What the SIG!?

Everything ECMO 042: SIG alarm

Author: Dr Jeremy Smith, Dr Brooke Riley
Reviewer: A/Prof Chris Nickson

A 45-year-old man with severe COVID pneumonia is on veno-venous (VV) extracorporeal membrane oxygenation (ECMO) support for his respiratory failure. You are called to the bed space due to an ECMO alarm and note that the blood flow is no longer consistently displayed on the Rotaflow console screen.

Instead, you see this:

Figure 1. Rotoflow console during an alarm.

Q1. What alarm is this and what does it mean?

SIG alarm.

A SIG alarm signifies a loss of flow signal on the Rotaflow console.  This is usually due to inadequate coupling gel/cream between the ultrasonic flow sensor and the pump head.

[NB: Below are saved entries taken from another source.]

lemma emb_Suc_scaled:
  assumes \<sigma>: "pos_hom \<sigma>" and agg: "pos_hom_agg agg" and "c \<ge> 0"
    and self: "w0 h * emb \<sigma> agg E \<rho> w0 w \<mu>0 h v
             = c * emb \<sigma> agg E \<rho> (\<lambda>_. 1) (\<lambda>_. 1) \<mu>0 h v"
    and nbr: "\<And>u. u \<in> nbrs E \<rho> h v \<Longrightarrow> w h * emb \<sigma> agg E \<rho> w0 w \<mu>0 h u
             = c * emb \<sigma> agg E \<rho> (\<lambda>_. 1) (\<lambda>_. 1) \<mu>0 h u"
  shows "emb \<sigma> agg E \<rho> w0 w \<mu>0 (Suc h) v
       = c * emb \<sigma> agg E \<rho> (\<lambda>_. 1) (\<lambda>_. 1) \<mu>0 (Suc h) v"
proof -
  let ?e1 = "emb \<sigma> agg E \<rho> (\<lambda>_. 1) (\<lambda>_. 1) \<mu>0 h"
  let ?N = "mset_set (nbrs E \<rho> h v)"
  have "image_mset (\<lambda>u. w h * emb \<sigma> agg E \<rho> w0 w \<mu>0 h u) ?N = image_mset (\<lambda>u. c * ?e1 u) ?N"
    using nbr by (intro image_mset_cong) (simp add: mem_mset_setD)
  then have "agg (image_mset (\<lambda>u. w h * emb \<sigma> agg E \<rho> w0 w \<mu>0 h u) ?N)
           = c * agg (image_mset ?e1 ?N)"
    using pos_hom_agg_image_mset[OF agg \<open>c \<ge> 0\<close>] by simp
  then show ?thesis
    using self pos_homD[OF \<sigma> \<open>c \<ge> 0\<close>] by (simp flip: distrib_left)
qed

definition table_scaled :: "('v \<Rightarrow> 't) \<Rightarrow> ('v \<Rightarrow> real) \<Rightarrow> ('v \<Rightarrow> real) \<Rightarrow> bool" where
  "table_scaled tbl f g \<longleftrightarrow> (\<forall>t. \<exists>c \<ge> 0. \<forall>v. tbl v = t \<longrightarrow> f v = c * g v)"

lemma table_scaled_refl: "table_scaled tbl f f"
  unfolding table_scaled_def by (metis mult_1 zero_le_one)

lemma emb_Suc_table_scaled:
  assumes \<sigma>: "pos_hom \<sigma>" and agg: "pos_hom_agg agg" and "w0 h \<ge> 0" "w h \<ge> 0"
    and typed: "\<And>u v. u \<in> nbrs E \<rho> h v \<Longrightarrow> tbl u = s \<and> tbl v = d"
    and scaled: "table_scaled tbl (emb \<sigma> agg E \<rho> w0 w \<mu>0 h)
                                  (emb \<sigma> agg E \<rho> (\<lambda>_. 1) (\<lambda>_. 1) \<mu>0 h)"
    and one_side_zero: "(\<forall>v. tbl v = d \<longrightarrow> emb \<sigma> agg E \<rho> (\<lambda>_. 1) (\<lambda>_. 1) \<mu>0 h v = 0)
                      \<or> (\<forall>u. tbl u = s \<longrightarrow> emb \<sigma> agg E \<rho> (\<lambda>_. 1) (\<lambda>_. 1) \<mu>0 h u = 0)"
  shows "table_scaled tbl (emb \<sigma> agg E \<rho> w0 w \<mu>0 (Suc h))
                          (emb \<sigma> agg E \<rho> (\<lambda>_. 1) (\<lambda>_. 1) \<mu>0 (Suc h))"
proof -
  let ?ew = "emb \<sigma> agg E \<rho> w0 w \<mu>0"
  let ?e1 = "emb \<sigma> agg E \<rho> (\<lambda>_. 1) (\<lambda>_. 1) \<mu>0"
  obtain c where c_nonneg: "\<And>t. c t \<ge> 0" and c: "\<And>v. ?ew h v = c (tbl v) * ?e1 h v"
    using scaled unfolding table_scaled_def by metis
  have table_step: "\<exists>c' \<ge> 0. \<forall>v. tbl v = t \<longrightarrow> ?ew (Suc h) v = c' * ?e1 (Suc h) v"
    if "a \<ge> 0" and "\<And>v. tbl v = t \<Longrightarrow> w0 h * ?ew h v = a * ?e1 h v"
      and "\<And>u v. tbl v = t \<Longrightarrow> u \<in> nbrs E \<rho> h v \<Longrightarrow> w h * ?ew h u = a * ?e1 h u" for t a
  proof (intro exI[of _ a] conjI allI impI)
    fix v
    assume "tbl v = t"
    then show "?ew (Suc h) v = a * ?e1 (Suc h) v"
      using that by (intro emb_Suc_scaled[OF \<sigma> agg]) auto
  qed (rule \<open>a \<ge> 0\<close>)
  have "\<exists>c' \<ge> 0. \<forall>v. tbl v = t \<longrightarrow> ?ew (Suc h) v = c' * ?e1 (Suc h) v" for t
  proof (cases "t = d")
    case False
    then show ?thesis
      using typed c c_nonneg \<open>w0 h \<ge> 0\<close> by (intro table_step[of "w0 h * c t"]) auto
  next
    case True
    from one_side_zero show ?thesis
    proof
      assume "\<forall>v. tbl v = d \<longrightarrow> ?e1 h v = 0"
      then show ?thesis
        using True typed c c_nonneg \<open>w h \<ge> 0\<close> by (intro table_step[of "w h * c s"]) auto
    next
      assume "\<forall>u. tbl u = s \<longrightarrow> ?e1 h u = 0"
      then show ?thesis
        using typed c c_nonneg \<open>w0 h \<ge> 0\<close> by (intro table_step[of "w0 h * c t"]) auto
    qed
  qed
  then show ?thesis
    unfolding table_scaled_def by blast
qed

There will be a flashing “SIG!” in place of the blood flow reading, alternating with a number or with ‘—-’. Some consoles may not show “SIG!” or a number and simply show “—-” during a SIG alarm.

Figure 2. SIG alarm on Rotoflow console.

Q2. When might this alarm occur?

A SIG alarm can occur at any time, however more likely to occur the longer the circuit has been in use as the ultrasonic coupling gel/cream can disintegrate over time.

Q2. Which consoles can this alarm occur on?

This alarm only occurs on the Rotaflow (PLS) pump.

It cannot occur on the Cardiohelp (HLS) pump.

Q3. How does this alarm affect how the console runs?

In most circumstances it won’t affect how the console runs.

Blood will still pump through the ECMO circuit and the oxygenator will still work. However, the blood flow will not be displayed accurately.

Q4. What is important to check when this alarm occurs?

Priorities during a SIG alarm are:

  • check the pump is still running (if not use emergency drive unit, aka hand-crank)
  • check the patient is still supported by ECMO

Q5. How do we troubleshoot this alarm?

To obtain an accurate blood flow reading, and prevent the SIG alarm from occurring, the ultrasound coupling cream/gel needs to be replaced.

The steps to change this are as follows:

  • Preoxygenate patient with 100% O2
  • Talk through plan and ensure appropriate staff are available and aware of procedure (senior medical and nursing staff)
  • Clamp circuit (post oxygenator)
  • Decrease RPM to 0
  • Open ultrasound cover and remove pump head
  • Apply ultrasound coupling cream to ultrasound windows just distal to pump head
  • Re-insert pump head, must be inserted with leading edge placed under pin and cover latched
  • Increase RPM to 1500 and remove clamp
  • Speed then increased gradually until desired flow is achieved

It is useful to have at least a 3 person team so that the procedure is performed rapidly and smoothly: one person on console, one to move pump head, and one to apply gel and clamp.

Q6. What are the potential issues during troubleshooting?

If the pump head is removed while still spinning an error occurs which requires the ECMO machine to be restarted.  If this occurs the pump head should be placed in the emergency hand-crank until the ECMO machine is ready to use. The steps for part 6 would then need to be followed to change it back to the magnetic pump.

The other potential issues depend on the type of support the patient is on.

For VA:

  • The patient may arrest during the change if they are completed supported.  In this circumstance usually there is no requirement for CPR as the patient’s circulation will return on re-initiation of flow from the ECMO circuit.

For VV:

  • Hypoxia is the main concern, which in severe circumstances can lead to bradycardic arrest which will require CPR if occurs.  Often this is only required for a short period until oxygenation is returned via the ECMO circuit.